Remark.  We constructed a sequence $x_1, \ldots, x_n, \ldots$ satisfying:

• $x_i$ is a closed point of $U_i$;
• $x_j$ is a specialization of $x_i$ for every $j > i$;
• $x_i$'s are all distinct
• $x_j \not \in U_i$ for all $j < i$. 

Proof 2: (Akhil) Using Quasi-compactness + Zorn's Lemma, we can show that $X$ has a minimal nonempty closed set $Z$. We can put a scheme structure on $Z$ such that the underlying topology is the subspace topology. As $Z$ is a scheme, it contains an affine piece $U$. As $Z - U$ is a closed subset of $Z$, by minimality of $Z$ we must have $Z- U = \emptyset$, i.e. $Z = U$ is affine so it must contains a closed point.

Proof 3: (Mine)

If $X$ has no closed points, then the closure of every point contains a point other than itself.
Thus we have a nested sequence
$$\overline{\{x_1\}} \supsetneq \overline{\{x_2\}} \supsetneq \overline{\{x_3\}} \supsetneq \overline{\{x_4\}} \overline \cdots.$$
On each affine piece, the sequence terminates as affine schemes are Noetherian. As $X$ as finitely many affine pieces, the sequence terminates in $X$ also. Thus there is some $x$ such that $\overline{\{x\}}$ does not contain any closed point other than $x$, contradiction.

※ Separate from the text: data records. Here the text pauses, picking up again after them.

(* Let $\zeta$ be the Riemann zeta function. Then $$\lim_{x\to\infty}2^x\bigl[\ln\zeta(\ln\zeta(x)+1)-\ln\zeta(\zeta(x))\bigr]=\frac12 .$$ *)

theory Defs
  imports "HOL-Analysis.Analysis"
begin

text \<open>Riemann zeta function on the real half-line s > 1, given by its Dirichlet series
  (for s \<le> 1 the value is unspecified junk; only s > 1 is used below).\<close>
definition rzeta :: "real \<Rightarrow> real" where
  "rzeta s = (\<Sum>n. 1 / (real (Suc n)) powr s)"

end

theory Submission
  imports Defs "HOL-Real_Asymp.Real_Asymp"
begin

text \<open>Put \<open>b = \<zeta>(x) - 1\<close>, so that \<open>2\<^sup>x b \<rightarrow> 1\<close> and the expression is
  \<open>2\<^sup>x (ln \<zeta>(1 + ln (1 + b)) - ln \<zeta>(1 + b))\<close> with \<open>b \<rightarrow> 0\<^sup>+\<close>.
  Near the pole, \<open>\<zeta>(1 + c) = 1/c + \<gamma> + o(1)\<close>, hence \<open>ln \<zeta>(1 + c) = - ln c + \<gamma> c + o(c)\<close>,
  and the difference equals \<open>ln (b / ln (1 + b)) + o(b) = b/2 + o(b)\<close>.\<close>

lemma powr_diff_quotient_bounds:
  fixes k c :: real
  assumes "0 < k" "0 < c"
  shows "1 / (k + 1) powr (1 + c) \<le> (k powr (-c) - (k + 1) powr (-c)) / c"
    and "(k powr (-c) - (k + 1) powr (-c)) / c \<le> 1 / k powr (1 + c)"
proof -
  have "\<exists>z. k < z \<and> z < k + 1 \<and>
      (k + 1) powr (-c) - k powr (-c) = (k + 1 - k) * (-c * z powr (-c - 1))"
    using assms by (intro MVT2 has_real_derivative_powr) auto
  then obtain z where z: "k < z" "z < k + 1"
    and eq: "(k + 1) powr (-c) - k powr (-c) = -c * z powr (-c - 1)"
    by auto
  have "-(1 + c) = -c - 1" by simp
  then have "z powr (-c - 1) = 1 / z powr (1 + c)"
    using powr_minus_divide[of z "1 + c"] by (simp only:)
  then have quot: "(k powr (-c) - (k + 1) powr (-c)) / c = 1 / z powr (1 + c)"
    using eq assms by (simp add: field_simps)
  show "1 / (k + 1) powr (1 + c) \<le> (k powr (-c) - (k + 1) powr (-c)) / c"
    unfolding quot using z assms by (intro divide_left_mono powr_mono2 mult_pos_pos) auto
  show "(k powr (-c) - (k + 1) powr (-c)) / c \<le> 1 / k powr (1 + c)"
    unfolding quot using z assms by (intro divide_left_mono powr_mono2 mult_pos_pos) auto
qed

lemma summable_inverse_Suc_powr: "1 < s \<Longrightarrow> summable (\<lambda>n. 1 / real (Suc n) powr s)"
proof -
  assume "1 < s"
  then have "summable (\<lambda>n. real n powr (-s))" by (subst summable_real_powr_iff) auto
  then have "summable (\<lambda>n. real (Suc n) powr (-s))" by (subst summable_Suc_iff)
  then show ?thesis by (simp add: powr_minus_divide)
qed

lemma summable_inverse_add_power2: "summable (\<lambda>n. 1 / real (n + k) ^ 2)"
  using summable_ignore_initial_segment[OF inverse_power_summable[of 2], of k]
  by (simp add: divide_inverse)

text \<open>The \<open>n\<close>-th term of \<open>\<zeta>(1 + c)\<close> minus the integral of \<open>t powr (-1 - c)\<close> over
  \<open>[n + 1, n + 2]\<close>. These integrals sum to \<open>1/c\<close>, and as \<open>c \<rightarrow> 0\<close> the terms become
  those of the Euler--Mascheroni series.\<close>
definition zeta_euler_term :: "real \<Rightarrow> nat \<Rightarrow> real" where
  "zeta_euler_term c n =
     1 / real (n + 1) powr (1 + c) - (real (n + 1) powr (-c) - real (n + 2) powr (-c)) / c"

lemma zeta_euler_term_nonneg: "0 < c \<Longrightarrow> 0 \<le> zeta_euler_term c n"
  using powr_diff_quotient_bounds(2)[of "real (n + 1)" c]
  by (simp add: zeta_euler_term_def add.commute)

lemma zeta_euler_term_le:
  assumes "0 < c" "c \<le> 1"
  shows "zeta_euler_term c n \<le> 2 / real (n + 1) ^ 2"
proof -
  define k where "k = real (n + 1)"
  have k: "1 \<le> k" by (simp add: k_def)
  have "zeta_euler_term c n \<le> 1 / k powr (1 + c) - 1 / (k + 1) powr (1 + c)"
    using powr_diff_quotient_bounds(1)[of k c] assms k
    by (simp add: zeta_euler_term_def k_def add.commute)
  also have "\<dots> \<le> (1 + c) / k powr (2 + c)"
  proof -
    have "(k powr (-(1 + c)) - (k + 1) powr (-(1 + c))) / (1 + c) \<le> 1 / k powr (1 + (1 + c))"
      using powr_diff_quotient_bounds(2)[of k "1 + c"] assms k by simp
    then have "(1 / k powr (1 + c) - 1 / (k + 1) powr (1 + c)) / (1 + c) \<le> 1 / k powr (2 + c)"
      by (simp only: powr_minus_divide) (simp add: add.assoc[symmetric])
    then show ?thesis
      using assms by (simp add: divide_le_eq mult.commute)
  qed
  also have "\<dots> \<le> 2 / k powr 2"
    using assms k by (intro frac_le powr_mono) auto
  finally show ?thesis
    using k by (simp add: k_def)
qed

lemma zeta_euler_term_sums:
  assumes "0 < c"
  shows "zeta_euler_term c sums (rzeta (1 + c) - 1 / c)"
proof -
  have "(\<lambda>n. real (Suc n) powr (-c) / c) \<longlonglongrightarrow> 0"
    using assms by (intro tendsto_divide_zero LIMSEQ_Suc[OF tendsto_neg_powr] filterlim_real_sequentially) auto
  from telescope_sums'[OF this]
  have "(\<lambda>n. (real (n + 1) powr (-c) - real (n + 2) powr (-c)) / c) sums (1 / c)"
    by (simp add: diff_divide_distrib add.commute)
  moreover have "(\<lambda>n. 1 / real (n + 1) powr (1 + c)) sums rzeta (1 + c)"
    using summable_inverse_Suc_powr[of "1 + c"] assms by (simp add: rzeta_def summable_sums)
  ultimately show ?thesis
    unfolding zeta_euler_term_def by (intro sums_diff)
qed

lemma zeta_euler_term_tendsto:
  "((\<lambda>c. zeta_euler_term c n) \<longlongrightarrow> inverse (real (n + 1)) + ln (real (n + 1)) - ln (real (n + 2)))
     (at_right 0)"
proof -
  define k where "k = real (n + 1)"
  have "k > 0" by (simp add: k_def)
  then have "((\<lambda>c. 1 / k powr (1 + c) - (k powr (-c) - (k + 1) powr (-c)) / c)
      \<longlongrightarrow> inverse k - (ln (k + 1) - ln k)) (at_right 0)"
    by (real_asymp simp: exp_minus)
  then show ?thesis
    by (simp add: zeta_euler_term_def k_def add.commute algebra_simps)
qed

lemma rzeta_minus_inverse_tendsto:
  "((\<lambda>c. rzeta (1 + c) - 1 / c) \<longlongrightarrow> euler_mascheroni) (at_right 0)"
proof -
  have bound: "norm (zeta_euler_term c n) \<le> 2 / real (n + 1) ^ 2" if "c \<in> {0<..<1}" for c n
    using that zeta_euler_term_le[of c n] zeta_euler_term_nonneg[of c n] by simp
  have "eventually (\<lambda>(n, c). norm (zeta_euler_term c n) \<le> 2 / real (n + 1) ^ 2)
      (at_top \<times>\<^sub>F at_right 0)"
    using eventually_prodI[OF eventually_True eventually_at_right_real[OF zero_less_one]]
    by (rule eventually_mono) (simp only: split_beta, rule bound, simp)
  moreover have "summable (\<lambda>n. 2 / real (n + 1) ^ 2)"
    using summable_mult[OF summable_inverse_add_power2[of 1], of 2] by simp
  ultimately have "((\<lambda>c. \<Sum>n. zeta_euler_term c n) \<longlongrightarrow>
      (\<Sum>n. inverse (real (n + 1)) + ln (real (n + 1)) - ln (real (n + 2)))) (at_right 0)"
    using tannerys_theorem[OF zeta_euler_term_tendsto] by simp
  then have "((\<lambda>c. \<Sum>n. zeta_euler_term c n) \<longlongrightarrow> euler_mascheroni) (at_right 0)"
    using euler_mascheroni_sum_real by (simp add: sums_iff)
  moreover have "eventually (\<lambda>c. (\<Sum>n. zeta_euler_term c n) = rzeta (1 + c) - 1 / c) (at_right 0)"
    using eventually_at_right_less by (rule eventually_mono) (metis zeta_euler_term_sums sums_unique)
  ultimately show ?thesis
    by (rule Lim_transform_eventually)
qed

lemma rzeta_minus_one_sums:
  assumes "1 < x"
  shows "(\<lambda>n. (2 / real (n + 2)) powr x) sums (2 powr x * (rzeta x - 1))"
proof -
  have "(\<lambda>n. 1 / real (Suc n) powr x) sums rzeta x"
    using summable_inverse_Suc_powr[OF assms] by (simp add: rzeta_def summable_sums)
  then have "(\<lambda>n. 1 / real (Suc (Suc n)) powr x) sums (rzeta x - 1)"
    using sums_Suc_iff[of "\<lambda>n. 1 / real (Suc n) powr x"] by simp
  from sums_mult[OF this, of "2 powr x"] show ?thesis
    by (simp add: powr_divide)
qed

lemma rzeta_minus_one_asymp: "((\<lambda>x. 2 powr x * (rzeta x - 1)) \<longlongrightarrow> 1) at_top"
proof -
  have bound: "norm ((2 / real (n + 2)) powr x) \<le> 4 * (1 / real (n + 2) ^ 2)"
    if "2 \<le> x" for n x
  proof -
    have "(2 / real (n + 2)) powr x \<le> (2 / real (n + 2)) powr 2"
      using that by (intro powr_mono') auto
    then show ?thesis
      by (simp add: power_divide)
  qed
  have "((\<lambda>x. (2 / real (n + 2)) powr x) \<longlongrightarrow> (if n = 0 then 1 else 0)) at_top" for n
  proof (cases n)
    case (Suc m)
    have "((\<lambda>x. a powr x) \<longlongrightarrow> 0) at_top" if "0 < a" "a < 1" for a :: real
      using that by real_asymp
    moreover have "0 < 2 / real (n + 2)" "2 / real (n + 2) < 1"
      using Suc by (auto simp: field_simps)
    ultimately show ?thesis
      using Suc by simp
  qed simp
  moreover have "eventually (\<lambda>(n, x). norm ((2 / real (n + 2)) powr x) \<le> 4 * (1 / real (n + 2) ^ 2))
      (at_top \<times>\<^sub>F at_top)"
    using eventually_prodI[OF eventually_True eventually_ge_at_top[of 2]]
    by (rule eventually_mono) (simp only: split_beta, rule bound, simp)
  moreover have "summable (\<lambda>n. 4 * (1 / real (n + 2) ^ 2))"
    using summable_inverse_add_power2 by (rule summable_mult)
  ultimately have "((\<lambda>x. \<Sum>n. (2 / real (n + 2)) powr x) \<longlongrightarrow> (\<Sum>n. if n = 0 then 1 else 0)) at_top"
    by (rule tannerys_theorem[THEN conjunct2, THEN conjunct2]) simp
  then have "((\<lambda>x. \<Sum>n. (2 / real (n + 2)) powr x) \<longlongrightarrow> 1) at_top"
    using sums_single[of 0 "\<lambda>_. 1 :: real"] by (simp add: sums_iff)
  moreover have "eventually (\<lambda>x. (\<Sum>n. (2 / real (n + 2)) powr x) = 2 powr x * (rzeta x - 1)) at_top"
    using eventually_gt_at_top[of 1] by (rule eventually_mono) (metis rzeta_minus_one_sums sums_unique)
  ultimately show ?thesis
    by (rule Lim_transform_eventually)
qed

lemma rzeta_minus_one_at_right_zero: "filterlim (\<lambda>x. rzeta x - 1) (at_right 0) at_top"
proof -
  have "((\<lambda>x. 2 powr x * (rzeta x - 1) * 2 powr (-x)) \<longlongrightarrow> 1 * 0) at_top"
    by (intro tendsto_mult rzeta_minus_one_asymp) real_asymp
  moreover have "2 powr x * (rzeta x - 1) * 2 powr (-x) = rzeta x - 1" for x :: real
    by (simp add: powr_minus)
  ultimately have "((\<lambda>x. rzeta x - 1) \<longlongrightarrow> 0) at_top"
    by simp
  moreover have "eventually (\<lambda>x. 0 < 2 powr x * (rzeta x - 1)) at_top"
    using rzeta_minus_one_asymp by (rule order_tendstoD) simp
  then have "eventually (\<lambda>x. 0 < rzeta x - 1) at_top"
    by (rule eventually_mono) (simp add: zero_less_mult_iff)
  ultimately show ?thesis
    by (simp add: filterlim_at eventually_mono)
qed

lemma rzeta_ge_inverse: "0 < c \<Longrightarrow> 1 / c \<le> rzeta (1 + c)"
  using zeta_euler_term_sums[of c] zeta_euler_term_nonneg[of c]
  by (metis diff_ge_0_iff_ge sums_iff suminf_nonneg)

lemma abs_ln_diff_le:
  fixes u v :: real
  assumes "1 \<le> u" "1 \<le> v"
  shows "\<bar>ln u - ln v\<bar> \<le> \<bar>u - v\<bar>"
proof -
  have "ln y - ln x \<le> y - x" if "1 \<le> x" "x \<le> y" for x y :: real
  proof -
    have "ln y - ln x = ln (y / x)"
      using that by (simp add: ln_div)
    also have "\<dots> \<le> y / x - 1"
      using that by (intro ln_le_minus_one) auto
    also have "\<dots> = (y - x) / x"
      using that by (simp add: field_simps)
    also have "\<dots> \<le> y - x"
      using that by (simp add: divide_le_eq mult_le_cancel_left1)
    finally show ?thesis .
  qed
  then show ?thesis
    using assms by (cases "u \<le> v") (auto simp: abs_if)
qed

lemma mult_rzeta_shift_tendsto:
  "((\<lambda>c. (ln (1 + c) * rzeta (1 + ln (1 + c)) - c * rzeta (1 + c)) / c) \<longlongrightarrow> 0) (at_right 0)"
proof -
  define F where "F c = rzeta (1 + c) - 1 / c" for c
  have F: "(F \<longlongrightarrow> euler_mascheroni) (at_right 0)"
    unfolding F_def by (rule rzeta_minus_inverse_tendsto)
  have "filterlim (\<lambda>c::real. ln (1 + c)) (at_right 0) (at_right 0)"
    by real_asymp
  from filterlim_compose[OF F this]
  have "((\<lambda>c. (ln (1 + c) - c) / c * F (ln (1 + c)) + (F (ln (1 + c)) - F c))
      \<longlongrightarrow> 0 * euler_mascheroni + (euler_mascheroni - euler_mascheroni)) (at_right 0)"
    by (intro tendsto_intros F) real_asymp
  moreover have "eventually (\<lambda>c. (ln (1 + c) - c) / c * F (ln (1 + c)) + (F (ln (1 + c)) - F c) =
      (ln (1 + c) * rzeta (1 + ln (1 + c)) - c * rzeta (1 + c)) / c) (at_right 0)"
    using eventually_at_right_less
    by (rule eventually_mono) (simp add: F_def field_simps)
  ultimately show ?thesis
    by (simp add: Lim_transform_eventually)
qed

lemma ln_rzeta_shift_tendsto:
  "((\<lambda>c. (ln (rzeta (1 + ln (1 + c))) - ln (rzeta (1 + c))) / c) \<longlongrightarrow> 1 / 2) (at_right 0)"
proof -
  define h where "h c = c * rzeta (1 + c)" for c
  have h_ge: "1 \<le> h c" if "0 < c" for c
    using rzeta_ge_inverse[OF that] that by (simp add: h_def divide_le_eq mult.commute)
  have rzeta_pos: "0 < rzeta (1 + c)" if "0 < c" for c
    using rzeta_ge_inverse[OF that] that by (meson less_le_trans zero_less_divide_1_iff)
  have "((\<lambda>c. (ln (h (ln (1 + c))) - ln (h c)) / c) \<longlongrightarrow> 0) (at_right 0)"
  proof (rule Lim_null_comparison)
    show "eventually (\<lambda>c. norm ((ln (h (ln (1 + c))) - ln (h c)) / c)
        \<le> \<bar>(h (ln (1 + c)) - h c) / c\<bar>) (at_right 0)"
      using eventually_at_right_less
      by (rule eventually_mono) (simp add: abs_ln_diff_le h_ge divide_right_mono abs_divide)
    show "((\<lambda>c. \<bar>(h (ln (1 + c)) - h c) / c\<bar>) \<longlongrightarrow> 0) (at_right 0)"
      unfolding h_def by (intro tendsto_rabs_zero mult_rzeta_shift_tendsto)
  qed
  moreover have "((\<lambda>c::real. ln (c / ln (1 + c)) / c) \<longlongrightarrow> 1 / 2) (at_right 0)"
    by real_asymp
  ultimately have "((\<lambda>c. ln (c / ln (1 + c)) / c + (ln (h (ln (1 + c))) - ln (h c)) / c)
      \<longlongrightarrow> 1 / 2 + 0) (at_right 0)"
    by (intro tendsto_add)
  moreover have "eventually (\<lambda>c. ln (c / ln (1 + c)) / c + (ln (h (ln (1 + c))) - ln (h c)) / c =
      (ln (rzeta (1 + ln (1 + c))) - ln (rzeta (1 + c))) / c) (at_right 0)"
    using eventually_at_right_less
  proof (rule eventually_mono)
    fix c :: real
    assume "0 < c"
    then have "0 < ln (1 + c)" "0 < rzeta (1 + c)" "0 < rzeta (1 + ln (1 + c))"
      by (simp_all add: rzeta_pos)
    with \<open>0 < c\<close> show "ln (c / ln (1 + c)) / c + (ln (h (ln (1 + c))) - ln (h c)) / c =
        (ln (rzeta (1 + ln (1 + c))) - ln (rzeta (1 + c))) / c"
      by (simp add: h_def ln_div ln_mult diff_divide_distrib add_divide_distrib)
  qed
  ultimately show ?thesis
    by (simp add: Lim_transform_eventually)
qed

theorem mainTheorem8:
  shows "((\<lambda>x::real. 2 powr x * (ln (rzeta (ln (rzeta x) + 1)) - ln (rzeta (rzeta x))))
           \<longlongrightarrow> 1 / 2) at_top"
proof -
  define b where "b x = rzeta x - 1" for x
  have b: "filterlim b (at_right 0) at_top"
    unfolding b_def by (rule rzeta_minus_one_at_right_zero)
  have "((\<lambda>x. 2 powr x * b x * ((ln (rzeta (1 + ln (1 + b x))) - ln (rzeta (1 + b x))) / b x))
      \<longlongrightarrow> 1 * (1 / 2)) at_top"
    using rzeta_minus_one_asymp filterlim_compose[OF ln_rzeta_shift_tendsto b]
    unfolding b_def by (rule tendsto_mult)
  moreover have "eventually (\<lambda>x. 2 powr x * b x * ((ln (rzeta (1 + ln (1 + b x))) - ln (rzeta (1 + b x))) / b x)
      = 2 powr x * (ln (rzeta (ln (rzeta x) + 1)) - ln (rzeta (rzeta x)))) at_top"
    using b unfolding filterlim_at
    by (auto elim!: eventually_mono simp: b_def add.commute)
  ultimately show ?thesis
    by (simp add: Lim_transform_eventually)
qed

end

This kind of argument is useful in proving some property (that might not be open) holds for every point of $X$ if it holds for closed point of $X$. For example, we use this argument to check that for a quasi-compact scheme $X$, it suffices to check reducedness at closed points. 

Main Usage

We say that property $P$ of points of a scheme  is open if whenever a point $x$ satisfies $P$, a neighborhood of it must satisfy $P$ also. 

Let $X$ be a quasi-compact scheme. To show that all points of $X$ satisfies $P$. It suffices to show that all \emph{closed} points of $X$ do. 

Explanation: As every closed subset of a quasi-compact scheme is quasi-compact, it must contains a closed point. In particular, for every $x \in X$, $\overline{\{x\}}$ contains a closed point $y$. By definition of closure, we have that every neighborhood of $y$ must contain $x$. So any covering of closed points must also be a cover of $X$. 

Generic Points (Part 1)

Correspondence between points and irreducible closed subsets

Affine Schemes

We have a bijection $X=\text{Spec} A \leftrightarrow \{\text{Irreducible closed subsets of } X\}$ given by

$$x \mapsto \overline{\{x\}};$$

$$ \text{generic point of } Z \leftarrow Z.$$

Why is $\overline{\{x\}}$ irreducible? That is because it is equal to $\mathbb{V}(\mathfrak{p}_x).$

Why does every irreducible closed subset $Z$ of $X$ has a  generic point? Let $Z = \mathbb{V}(\mathfrak{p})$ for some prime ideal $\mathfrak{p} \in A$. Then $[\mathfrak{p}]$ is the generic point of $Z$ (i.e. its closure in $X$ is $Z$). '

Why is this generic point unique? $\mathbb{V}(\mathfrak{p}) = \mathbb{V}(\mathfrak{q})$ iff $\mathfrak{p}= \mathfrak{q}$.

General Schemes

Let $X$ be any scheme. We claim that there is a bijection

$$X \leftrightarrow \{\text{Irreducible closed subsets of } X\},$$

given by the same map as above.

Why is $\overline{\{x\}}$ irreducible? This is true for every topological space. Suppose $\overline{\{x\}} = Y_1 \cup Y_2 $ for some closed $Y_1, Y_2$ of $X$. Then one of the $Y_i$ must contain $x$ and therefore contain $\overline{\{x\}}$ by minimality of closure.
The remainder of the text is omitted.